You’re going to slip up, with your habits.
At some point sooner or later, you’ll find yourself not quite sticking to the routine. When you start slipping, which happens to most of us at some point.
There are a few things we want to consider here. There is the matter of bad habits creeping in, vs. just not doing some of the things that actively improve our vision. These are important distinctions – and with a bit of care, it is quite easy to minimize vision improvement efforts, and still get most of the benefits.
Let’s take a look:
Wearing the Proper Prescriptions
This is really key. If you go back to wearing full prescription, all day every day, for close-up work as well – then you are in trouble.

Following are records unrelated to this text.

lemma smooth_on_normal_reflection:
  assumes "open I" and "smooth_on I c" and "smooth_on I s"
  shows "smooth_on I (\<lambda>t. normal_reflection (c t) (s t))"
  using assms
  by (subst normal_reflection_affine)
    (intro smooth_on_add smooth_on_const smooth_on_bounded_bilinear[OF _ bounded_bilinear_scaleR])

lemma has_vector_derivative_normal_reflection:
  assumes "(c has_real_derivative c') (at t)" and "(s has_real_derivative s') (at t)"
  shows "((\<lambda>t. normal_reflection (c t) (s t)) has_vector_derivative
           normal_reflection c' s' - normal_reflection 0 0) (at t)"
proof -
  have "((\<lambda>t. normal_reflection (c t) (s t)) has_vector_derivative
          c' *\<^sub>R (normal_reflection 1 0 - normal_reflection 0 0)
          + s' *\<^sub>R (normal_reflection 0 1 - normal_reflection 0 0)) (at t)"
    using assms by (subst normal_reflection_affine) (auto intro!: derivative_eq_intros)
  then show ?thesis
    by (subst (2) normal_reflection_affine) simp
qed

lemma normal_reflection_gauge:
  assumes "c\<^sup>2 + s\<^sup>2 = 1"
  shows "(normal_reflection (- (s * t)) (c * t) - normal_reflection 0 0)
           + normal_reflection c s ** XF a b t
         = XD a (b * c) (- (b * s)) ** normal_reflection c s"
proof -
  have "b * (c * c) + b * (s * s) = b"
    using assms by (metis distrib_left mult_1_right power2_eq_square)
  then show ?thesis
    by (simp add: normal_reflection_def XF_def XD_def vec_eq_iff forall_4 sum_4
        matrix_matrix_mult_def algebra_simps)
qed

lemma smooth_on_third_curvature:
  assumes "open I" and "is_frame I \<gamma> F" and "coeff_matrix I F (\<lambda>s. XF (f1 s) (f2 s) (f3 s))"
  shows "smooth_on I f3"
proof -
  have "bounded_linear (\<lambda>A :: real^4^4. A $ 3 $ 4)"
    by (intro bounded_linear_compose[OF bounded_linear_vec_nth] bounded_linear_vec_nth)
  moreover have "smooth_on I (\<lambda>s. XF (f1 s) (f2 s) (f3 s))"
    using assms(1,2) by (intro smooth_on_coeff_matrix[OF _ _ _ assms(3)]) (simp_all add: is_frame_def)
  ultimately have "smooth_on I (\<lambda>s. XF (f1 s) (f2 s) (f3 s) $ 3 $ 4)"
    by (rule smooth_on_bounded_linear[OF assms(1)])
  then show ?thesis
    by (rule smooth_on_cong) (simp add: XF_def)
qed

lemma is_frame_normal_reflection:
  assumes "open I" and "is_frame I \<gamma> F" and "coeff_matrix I F (\<lambda>s. XF (f1 s) (f2 s) (f3 s))"
    and "\<forall>s\<in>I. (\<theta> has_real_derivative f3 s) (at s)"
  shows "is_frame I \<gamma> (\<lambda>s. normal_reflection (cos (\<theta> s)) (sin (\<theta> s)) ** F s)"
proof -
  have "smooth_on I (\<lambda>s. cos (\<theta> s))" "smooth_on I (\<lambda>s. sin (\<theta> s))"
    using smooth_on_cos_sin[OF assms(1) smooth_on_third_curvature[OF assms(1-3)] assms(4)] by blast+
  with assms(1,2) show ?thesis
    by (intro is_frame_matrix_mult_left smooth_on_normal_reflection)
      (simp_all add: orthogonal_matrix_normal_reflection normal_reflection_first_row)
qed

lemma coeff_matrix_normal_reflection:
  assumes "coeff_matrix I F (\<lambda>s. XF (f1 s) (f2 s) (f3 s))"
    and "\<forall>s\<in>I. (\<theta> has_real_derivative f3 s) (at s)"
  shows "coeff_matrix I (\<lambda>s. normal_reflection (cos (\<theta> s)) (sin (\<theta> s)) ** F s)
           (\<lambda>s. XD (f1 s) (f2 s * cos (\<theta> s)) (- (f2 s * sin (\<theta> s))))"
proof (rule coeff_matrix_matrix_mult_left[OF assms(1)])
  show "\<forall>s\<in>I. ((\<lambda>s. normal_reflection (cos (\<theta> s)) (sin (\<theta> s))) has_vector_derivative
      normal_reflection (- sin (\<theta> s) * f3 s) (cos (\<theta> s) * f3 s) - normal_reflection 0 0) (at s)"
  proof
    fix s assume "s \<in> I"
    with assms(2) have "(\<theta> has_real_derivative f3 s) (at s)"
      by blast
    then show "((\<lambda>s. normal_reflection (cos (\<theta> s)) (sin (\<theta> s))) has_vector_derivative
        normal_reflection (- sin (\<theta> s) * f3 s) (cos (\<theta> s) * f3 s) - normal_reflection 0 0) (at s)"
      by (intro has_vector_derivative_normal_reflection DERIV_fun_cos DERIV_fun_sin)
  qed
qed (simp add: normal_reflection_gauge[OF sin_cos_squared_add2])
(* In the setting below, for fixed $\boldsymbol\lambda\in(0,\infty)^K$, $$\max_{1\le i\le n}\frac1n\Big|\operatorname{Tr}\Big(\mathbf M_i^2\sum_{j\ne i}\frac{z_jz_j^\top}{n}\Big)-\operatorname{Tr}\Big(\mathbf M^2\frac{\mathbf Z^\top\mathbf Z}{n}\Big)\Big|\to0\quad\text{almost surely.}$$
   Context: Setting: $n\to\infty$, $p=p(n)$ features in $K$ fixed disjoint groups $\mathcal G_g$ with $p_g/n\to\gamma_g>0$. $\mathbf Z$ is $n\times p$ with rows $z_i^\top$, where the $z_i$ are i.i.d. vectors with i.i.d. entries of mean $0$, variance $1$ and uniformly bounded $(8+\eta)$-th moments for some $\eta>0$. $\boldsymbol\Sigma$ is a deterministic $p\times p$ covariance matrix with eigenvalues in $[h_1,h_2]$, fixed $h_1,h_2>0$. $\boldsymbol\Lambda$ is the $p\times p$ diagonal matrix with entry $\lambda_g$ at $j\in\mathcal G_g$. $\mathbf M=(\mathbf Z^\top\mathbf Z/n+\boldsymbol\Sigma^{-1/2}\boldsymbol\Lambda\boldsymbol\Sigma^{-1/2})^{-1}$ and $\mathbf M_i=(\mathbf Z^\top\mathbf Z/n+\boldsymbol\Sigma^{-1/2}\boldsymbol\Lambda\boldsymbol\Sigma^{-1/2}-z_iz_i^\top/n)^{-1}$. *)

theory Defs
  imports "HOL-Probability.Probability" "Jordan_Normal_Form.Char_Poly"
    "Jordan_Normal_Form.Gauss_Jordan_Elimination"
begin

definition mtrace :: "real mat \<Rightarrow> real" where
  "mtrace A = (\<Sum>i<dim_row A. A $$ (i, i))"

definition minv :: "real mat \<Rightarrow> real mat" where
  "minv A = the (mat_inverse A)"

definition sym_mat :: "real mat \<Rightarrow> bool" where
  "sym_mat A \<longleftrightarrow> transpose_mat A = A"

definition pos_def_mat :: "real mat \<Rightarrow> bool" where
  "pos_def_mat A \<longleftrightarrow> square_mat A \<and> sym_mat A \<and>
     (\<forall>v \<in> carrier_vec (dim_row A). v \<noteq> 0\<^sub>v (dim_row A) \<longrightarrow> v \<bullet> (A *\<^sub>v v) > 0)"

definition inv_sqrt_mat :: "real mat \<Rightarrow> real mat" where
  "inv_sqrt_mat S = (THE R. R \<in> carrier_mat (dim_row S) (dim_row S) \<and> pos_def_mat R
                         \<and> R * R = minv S)"

definition data_mat :: "nat \<Rightarrow> nat \<Rightarrow> (nat \<Rightarrow> nat \<Rightarrow> real) \<Rightarrow> real mat" where
  "data_mat n p x = mat n p (\<lambda>(i, j). x i j)"

definition row_outer :: "real mat \<Rightarrow> nat \<Rightarrow> real mat" where
  "row_outer Z i = mat (dim_col Z) (dim_col Z) (\<lambda>(a, b). Z $$ (i, a) * Z $$ (i, b))"
lemma weighted_witness_vector:
  assumes L: "L \<subseteq> S0 \<inter> S1"
    and large: "\<And>l. l \<in> L \<Longrightarrow> exp (t * l) < opnorm (d0 l) (d1 l) (f l)"
  obtains v where "v \<in> prodE S0 d0"
    and "\<And>l. block_norm2 v l \<le> (if l \<in> L then (exp (- t * l))\<^sup>2 else 0)"
    and "\<And>l. l \<in> L \<Longrightarrow> 1 \<le> block_norm2 (T v) l"
proof -
  have "\<forall>l\<in>L. \<exists>x. x \<in> eig (d0 l) \<and> vnorm (d0 l) x \<le> 1 \<and> exp (t * l) < vnorm (d1 l) (f l x)"
    using less_opnorm_witness[OF lin large] L by blast
  then obtain x where x: "\<And>l. l \<in> L \<Longrightarrow> x l \<in> eig (d0 l)" "\<And>l. l \<in> L \<Longrightarrow> vnorm (d0 l) (x l) \<le> 1"
    "\<And>l. l \<in> L \<Longrightarrow> exp (t * l) < vnorm (d1 l) (f l (x l))"
    by metis
  define v where "v l = (if l \<in> L then (\<lambda>i. complex_of_real (exp (- t * l)) * x l i) else (\<lambda>i. 0))"
    for l
  have v_eig: "v l \<in> eig (d0 l)" if "l \<in> L" for l
    using x(1)[OF that] that unfolding v_def eig_def by simp
  have vE: "v \<in> prodE S0 d0"
    unfolding prodE_def using v_eig L by (auto simp: v_def zero_in_eig)
  moreover have "block_norm2 v l \<le> (if l \<in> L then (exp (- t * l))\<^sup>2 else 0)" for l
  proof (cases "l \<in> L")
    case True
    have "vnorm (d0 l) (v l) = exp (- t * l) * vnorm (d0 l) (x l)"
      using True by (simp add: v_def vnorm_scale)
    then have "vnorm (d0 l) (v l) \<le> exp (- t * l)"
      using x(2)[OF True] by (simp add: mult_left_le)
    then show ?thesis
      using True unfolding block_norm2_eig[of v l "d0 l", OF v_eig[OF True]]
      by (simp add: power_mono vnorm_nonneg)
  qed (simp add: block_norm2_def v_def)
  moreover have "1 \<le> block_norm2 (T v) l" if l: "l \<in> L" for l
  proof -
    have l01: "l \<in> S0 \<inter> S1"
      using l L by blast
    have "T v l = (\<lambda>i. complex_of_real (exp (- t * l)) * f l (x l) i)"
      using l lin_on_scale[OF lin[OF l01] x(1)[OF l]] by (simp add: fHilb_inside[OF l01] v_def)
    then have "vnorm (d1 l) (T v l) = exp (- t * l) * vnorm (d1 l) (f l (x l))"
      by (simp add: vnorm_scale)
    also have "\<dots> > exp (- t * l) * exp (t * l)"
      using x(3)[OF l] by simp
    finally have "1 < vnorm (d1 l) (T v l)"
      by (simp flip: exp_add)
    then show ?thesis
      unfolding block_norm2_eig[of "T v" l "d1 l", OF fHilb_eig[OF vE l01]]
      by (simp add: one_le_power)
  qed
  ultimately show ?thesis
    using that by blast
qed

lemma opnorm_subexp_if_maps_checkE:
  assumes maps: "\<And>v. v \<in> checkE S0 d0 \<Longrightarrow> T v \<in> checkE S1 d1" and t: "0 < t"
  shows "\<exists>C>0. \<forall>l\<in>S0 \<inter> S1. opnorm (d0 l) (d1 l) (f l) < C * exp (t * l)"
proof (rule ccontr)
  assume "\<not> ?thesis"
  note unbounded = opnorm_exceeds_unbounded[OF this]
  obtain lam where
    lam: "\<And>k. lam k \<in> {l \<in> S0 \<inter> S1. exp (t * l) < opnorm (d0 l) (d1 l) (f l)}"
      "\<And>k. real k \<le> lam k" "strict_mono lam"
    using unbounded_imp_sparse_sequence[OF unbounded] by blast
  have inj: "inj lam"
    using lam(3) strict_mono_imp_inj_on by blast
  have sparse: "(\<lambda>l. exp (- t * l)) summable_on range lam"
    unfolding summable_on_reindex[OF inj] comp_def using summable_on_exp_sparse[OF t lam(2)] .
  have infinite: "infinite (range lam)"
    using inj finite_imageD by blast
  have nonneg: "0 \<le> l" if "l \<in> range lam" for l
    using that lam(2) of_nat_0_le_iff order_trans by blast
  obtain v where vE: "v \<in> prodE S0 d0"
    and small: "\<And>l. block_norm2 v l \<le> (if l \<in> range lam then (exp (- t * l))\<^sup>2 else 0)"
    and large: "\<And>l. l \<in> range lam \<Longrightarrow> 1 \<le> block_norm2 (T v) l"
    using weighted_witness_vector[of "range lam" t] lam(1) by blast
  have "v \<in> checkE S0 d0"
    by (rule checkE_if_block_norm2_le[OF vE t sparse small])
  moreover have "T v \<notin> checkE S1 d1"
    by (rule not_in_checkE_if_block_norm2_ge_one[OF infinite nonneg large])
  ultimately show False
    using maps by blast
qed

It is just about the only thing you really want to avoid, if you find life taking over and you just have no time to think about vision improvement. As long as you stick with differential for close-up work, and normalized for distance, you are fine. You remember the installment about the Lock-In. Wearing the correct prescriptions, keeps you at the level you worked your way up to.
As long as you wear the correct prescriptions, there is little risk that you loose your hard-won progress.
What else can you do, quick and easy, to stay on top, even if you are ‘taking a break’?
- On relaxed days, consider the middle distance (no glasses, if you are -2D or lower).
- Keep watch on keeping good distance for all close-up activities (being that this should be a habit, it is not hard to do).
- Grab a centimeter measurement once in a while anyway – it may help get you re-motivated.
As long as you maintain proper perspective of what you are accomplishing, you are actually not going backwards. You may be slowing down improvement, but even that is not necessarily a bad thing. Nobody can go from advanced axial myopia to 20/20 in a single, full-on sprint of myopia rehab.
Sometimes you just re-read previous installments, maybe one a week. Find something inspiring in it, consider if you could add it to a bit of habit forming effort.
Myopia rehab is like playing the tape (of your progressive descent into myopia), but backwards.
Think about all the things you know now, vs. before you started.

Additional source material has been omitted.